Generate Power BI Documentation with Fabric Semantic Link and OpenAI

Problem

One of the responsibilities of a centralized business intelligence (BI) team is to create and manage a plethora of reports for various stakeholders across business and technical teams. Report consumers and data governance stakeholders are deeply interested in understanding the definition of the metrics and measures within these reports. While it is a best practice for BI developers to manually document the descriptions for the measures and DAX code they are writing in their Power BI (PBI) reports, competing priorities may require their attention for other value-added efforts, leaving almost no time to create relevant documentation for their PBI reports.

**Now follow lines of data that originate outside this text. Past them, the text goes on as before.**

lemma fps_eq_0_if_recurrence:
  fixes d u v :: "nat \<Rightarrow> 'a::field fps"
  assumes rec: "\<And>k. u k * d k = v k * d (Suc k)"
    and u0: "\<And>k. u k $ 0 \<noteq> 0"
    and d: "\<And>k. vanishes_below k (d k)"
  shows "d 0 = 0"
proof (rule fps_eq_if_eq_upto)
  fix n
  have step: "vanishes_below n (d j)" if "vanishes_below n (d (Suc j))" for j
  proof -
    have "d j = inverse (u j) * (u j * d j)"
      using u0[of j] by (simp add: mult.assoc[symmetric] inverse_mult_eq_1)
    also have "\<dots> = (inverse (u j) * v j) * d (Suc j)"
      by (simp add: rec mult.assoc)
    finally have "d j = (inverse (u j) * v j) * d (Suc j)" .
    then show ?thesis
      using vanishes_below_mult_left[OF that, of "inverse (u j) * v j"] by (simp only:)
  qed
  have "vanishes_below n (d (n - i))" if "i \<le> n" for i
    using that
  proof (induction i)
    case (Suc i)
    then show ?case
      using step[of "n - Suc i"] by (simp add: Suc_diff_Suc)
  qed (use d in simp)
  from this[of n] show "eq_upto n (d 0) 0"
    by simp
qed

lemma qbinom_series_eq_upto_1:
  assumes b0: "b $ 0 = 0" and y0: "y $ 0 = 0" and y: "vanishes_below j y"
  shows "eq_upto j (\<Sum>m. qbinom_term a b y m) 1"
proof -
  have "vanishes_below m (qbinom_term a b y (Suc m))" for m
    by (rule eq_upto_mono[OF qbinom_term_vanishes_below_index[OF b0 y0]]) simp
  moreover have "vanishes_below j (qbinom_term a b y (Suc m))" for m
    using eq_upto_mono[OF qbinom_term_vanishes_below[OF b0 y, of "Suc m" a]] by simp
  ultimately have "vanishes_below j (\<Sum>m. qbinom_term a b y (Suc m))"
    by (rule suminf_vanishes_below)
  then show ?thesis
    using suminf_fps_split_head[OF qbinom_term_vanishes_below_index[OF b0 y0]]
    by (simp add: eq_upto_def)
qed

lemma qbinom_product_eq_upto_1:
  assumes b0: "b $ 0 = 0" and y: "vanishes_below j y"
  shows "eq_upto j (qpoch_inf (a * y) b / qpoch_inf y b) 1"
proof (cases "j = 0")
  case False
  then have "y $ 0 = 0"
    using y by (simp add: eq_upto_def)
  then have "eq_upto j (qpoch_inf (a * y) b / qpoch_inf y b) (1 / 1)"
    using b0 by (intro eq_upto_divide qpoch_inf_eq_upto_1 vanishes_below_mult_left y)
      (simp_all add: qpoch_inf_nth_0)
  then show ?thesis
    by simp
qed (simp add: eq_upto_def)

theorem q_binomial:
  assumes b0: "b $ 0 = 0" and x0: "x $ 0 = 0"
  shows "(\<Sum>m. qbinom_term a b x m) = qpoch_inf (a * x) b / qpoch_inf x b"
proof -
  define y where "y k = x * b ^ k" for k
  have y0: "y k $ 0 = 0" for k
    using x0 by (simp add: y_def)
  have y_Suc: "y k * b = y (Suc k)" for k
    by (simp add: y_def mult_ac)
  have y_vanishes: "vanishes_below k (y k)" for k
    unfolding y_def by (intro vanishes_below_mult_left vanishes_below_power_self b0)
  define d where "d k = (\<Sum>m. qbinom_term a b (y k) m) - qpoch_inf (a * y k) b / qpoch_inf (y k) b" for k
  have "d 0 = 0"
  proof (rule fps_eq_0_if_recurrence)
    show "(1 - y k) * d k = (1 - a * y k) * d (Suc k)" for k
      unfolding d_def right_diff_distrib y_Suc[symmetric]
      by (simp only: qbinom_series_functional_eq[OF b0 y0] qbinom_product_functional_eq[OF b0 y0])
    show "(1 - y k) $ 0 \<noteq> 0" for k
      using y0[of k] by simp
    show "vanishes_below k (d k)" for k
      using eq_upto_diff[OF qbinom_series_eq_upto_1[OF b0 y0 y_vanishes]
          qbinom_product_eq_upto_1[OF b0 y_vanishes]]
      unfolding d_def by simp
  qed
  then show ?thesis
    by (simp add: d_def y_def)
qed

abbreviation poch2 :: "ser \<Rightarrow> nat \<Rightarrow> ser" where
  "poch2 a n \<equiv> qpoch a (qq ^ 2) n"

abbreviation poch2_inf :: "ser \<Rightarrow> ser" where
  "poch2_inf a \<equiv> qpoch_inf a (qq ^ 2)"

lemma qq_nth_0 [simp]: "qq $ 0 = 0"
  by (simp add: qq_def)

lemma qq_power_nth_0 [simp]: "(qq ^ n) $ 0 = (if n = 0 then 1 else 0)"
  by (simp add: qq_def)

lemma qq2_nth_0: "(qq ^ 2) $ 0 = 0"
  by simp

lemma qq2_power_nth_0 [simp]: "((qq ^ 2) ^ n) $ 0 = (if n = 0 then 1 else 0)"
  by (simp add: fps_power_zeroth)

lemma vanishes_below_qq_power: "vanishes_below n (qq ^ n)"
  by (simp add: qq_def eq_upto_def)

lemma zz_times_zinv: "zz * zinv = 1"
  by (simp add: zz_def zinv_def fls_X_inv_times_conv_shift flip: fps_const_mult)

lemma neg_qq_zinv_times_zz: "- qq * zinv * zz = - qq"
  using zz_times_zinv by (simp add: mult.assoc mult.commute[of zinv])

lemma poch2_nth_0 [simp]: "poch2 a n $ 0 = (if n = 0 then 1 else 1 - a $ 0)"
  by (simp add: qpoch_nth_0)

lemma poch2_inf_nth_0 [simp]: "poch2_inf a $ 0 = 1 - a $ 0"
  by (simp add: qpoch_inf_nth_0)

section \<open>Partitions without repeated odd parts\<close>

lemma part_le_sum_mset: "x \<in># p \<Longrightarrow> x \<le> sum_mset (p :: nat multiset)"
  by (induction p) auto

lemma size_le_sum_mset: "(\<forall>x\<in>#p. 0 < x) \<Longrightarrow> size p \<le> sum_mset (p :: nat multiset)"
  by (induction p) auto

lemma finite_partitions: "finite {p. is_partition p n}"
proof (rule finite_subset)
  show "{p. is_partition p n} \<subseteq> (\<Union>s\<le>n. multisets_of_size {1..n} s)"
    using size_le_sum_mset part_le_sum_mset
    by (fastforce simp: is_partition_def multisets_of_size_def Suc_le_eq)
qed auto

definition nro_partitions :: "nat \<Rightarrow> nat multiset set" where
  "nro_partitions n = {p. is_partition p n \<and> no_rep_odd p}"

definition bounded_nro_partitions :: "nat \<Rightarrow> nat \<Rightarrow> nat multiset set" where
  "bounded_nro_partitions L n = {p \<in> nro_partitions n. \<forall>x\<in>#p. x \<le> L}"

lemma finite_nro_partitions: "finite (nro_partitions n)"
  by (rule finite_subset[OF _ finite_partitions]) (auto simp: nro_partitions_def)

lemma finite_bounded_nro_partitions: "finite (bounded_nro_partitions L n)"
  by (rule finite_subset[OF _ finite_nro_partitions]) (auto simp: bounded_nro_partitions_def)

lemma bounded_nro_partitions_0: "bounded_nro_partitions 0 n = (if n = 0 then {{#}} else {})"
proof -
  have "p = {#}" if "p \<in> bounded_nro_partitions 0 n" for p
    using that by (cases p) (auto simp: bounded_nro_partitions_def nro_partitions_def is_partition_def)
  moreover have "{#} \<in> bounded_nro_partitions 0 n \<longleftrightarrow> n = 0"
    by (auto simp: bounded_nro_partitions_def nro_partitions_def is_partition_def no_rep_odd_def)
  ultimately show ?thesis
    by auto
qed

lemma bounded_nro_partitions_without:
  assumes "0 < L"
  shows "{p \<in> bounded_nro_partitions L n. L \<notin># p} = bounded_nro_partitions (L - 1) n"
proof -
  have "x \<le> L - 1 \<longleftrightarrow> x \<le> L \<and> x \<noteq> L" for x
    using assms by auto
  then show ?thesis
    unfolding bounded_nro_partitions_def by blast
qed

lemma no_rep_odd_add_mset:
  "no_rep_odd (add_mset L q) \<longleftrightarrow> no_rep_odd q \<and> (odd L \<longrightarrow> L \<notin># q)"
proof -
  have "count (add_mset L q) x \<le> 1 \<longleftrightarrow> count q x \<le> 1 \<and> (x = L \<longrightarrow> count q x = 0)" for x
    by auto
  then show ?thesis
    unfolding no_rep_odd_def not_in_iff by blast
qed

lemma add_mset_in_bounded_nro_partitions:
  assumes "0 < L" "L \<le> n"
  shows "add_mset L q \<in> bounded_nro_partitions L n \<longleftrightarrow>
    q \<in> bounded_nro_partitions (if even L then L else L - 1) (n - L)"
proof -
  have "x \<le> (if even L then L else L - 1) \<longleftrightarrow> x \<le> L \<and> (odd L \<longrightarrow> x \<noteq> L)" for x
    using assms(1) by auto
  then have "(\<forall>x\<in>#q. x \<le> L) \<and> (odd L \<longrightarrow> L \<notin># q) \<longleftrightarrow>
      (\<forall>x\<in>#q. x \<le> (if even L then L else L - 1))"
    by blast
  then show ?thesis
    using assms no_rep_odd_add_mset[of L q]
    by (auto simp: bounded_nro_partitions_def nro_partitions_def is_partition_def)
qed

lemma bounded_nro_partitions_with:
  assumes "0 < L" "L \<le> n"
  shows "{p \<in> bounded_nro_partitions L n. L \<in># p} =
    add_mset L ` bounded_nro_partitions (if even L then L else L - 1) (n - L)"
proof -
  have "p \<in> add_mset L ` {q. add_mset L q \<in> bounded_nro_partitions L n}"
    if "p \<in> bounded_nro_partitions L n" "L \<in># p" for p
    using that by (intro image_eqI[of p _ "p - {#L#}"]) simp_all
  then show ?thesis
    using add_mset_in_bounded_nro_partitions[OF assms] by auto
qed

definition bounded_gf :: "nat \<Rightarrow> ser" where
  "bounded_gf L = Abs_fps (\<lambda>n. \<Sum>p\<in>bounded_nro_partitions L n. fls_X_inv ^ size p)"

lemma bounded_gf_0: "bounded_gf 0 = 1"
  by (rule fps_ext) (simp add: bounded_gf_def bounded_nro_partitions_0)

lemma zinv_qq_power_mult_nth:
  "(zinv * qq ^ L * F) $ n = (if L \<le> n then fls_X_inv * F $ (n - L) else 0)"
proof -
  have "zinv * qq ^ L * F = fps_const fls_X_inv * (fps_X ^ L * F)"
    by (simp add: zinv_def qq_def mult.assoc)
  then show ?thesis
    by (simp only: fps_mult_left_const_nth fps_X_power_mult_nth) simp
qed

This age-old conundrum has been tackled by several solutions that automate the process of extracting metadata from PBI. This can include measure names, DAX code, manually-defined descriptions, etc. However, DAX code is seldom useful to business stakeholders, and description fields are rarely filled in manually for the corresponding measures, leaving the challenge of fully automating the PBI documentation unsolved.

Solution

Several solutions are available on the market that are capable of extracting PBI metadata and displaying it to end users like DAX studio and other tools. Model Documenter – Data – Marc is an excellent example of a free tool that can be added to your existing PBI Desktop application as an “External Tool”. The following figure shows it can generate metadata related to your measures and more. However, as we mentioned, these measures might not always be helpful to business users due to the complex DAX code.

The solution to use is Fabric’s Semantic Link Python package called SemPy, which allows you to read and write data from PBI using Python in Fabric notebooks. You will also need an OpenAI key to infuse AI into the process of interpreting the descriptions of the DAX measures into natural language. Some capabilities of Fabric’s SemPy library, shown in the code block below, include listing workspaces at a meta-level and listing reports, datasets, and dataflows in workspaces. You can also list tables being used in a dataset and buildout robust monitoring capabilities by having access to refresh and failure metadata for all processes in Fabric.

import sempy.fabric as fabric
dir(fabric)
fabric.list_workspaces()
fabric.list_reports(workspace="Fabric Sandbox")
fabric.list_datasets(workspace="Fabric Sandbox")
fabric.list_dataflows(workspace="Fabric Sandbox")
fabric.list_tables(workspace="Fabric Sandbox",dataset="Regional Sales Sample")
fabric.list_refresh_requests(workspace="Fabric Sandbox",dataset="Regional Sales Sample")

Extract PBI Measures with Fabric Semantic Link (SemPy)

Through this article, I will use a sample PBI report called Regional Sales Sample, which is available in Fabric’s Knowledge Center containing PBI Samples. You can find additional samples here. For the SemPy to access your report, you need to have your report published in a premium capacity workspace on Fabric. With the following code, you can view all the measures within a specified workspace and report dataset.

import pandas as pd
 
# Set the maximum column width to None to prevent truncation
pd.set_option('display.max_colwidth', None)
fabric.list_measures(workspace="Fabric Sandbox",dataset="Regional Sales Sample")

MeasureExpressions The measure expressions of the Reginal Sales Sample dataset

You can also plot and visualize the relationship metadata of a dataset with this code.

from sempy.relationships import plot_relationship_metadata
from sempy.relationships import find_relationships
from sempy.fabric import list_relationship_violations
 
pd.set_option('display.max_colwidth', None)
relationships = fabric.list_relationships(workspace="Fabric Sandbox",dataset="Regional Sales Sample")
 
plot_relationship_metadata(relationships)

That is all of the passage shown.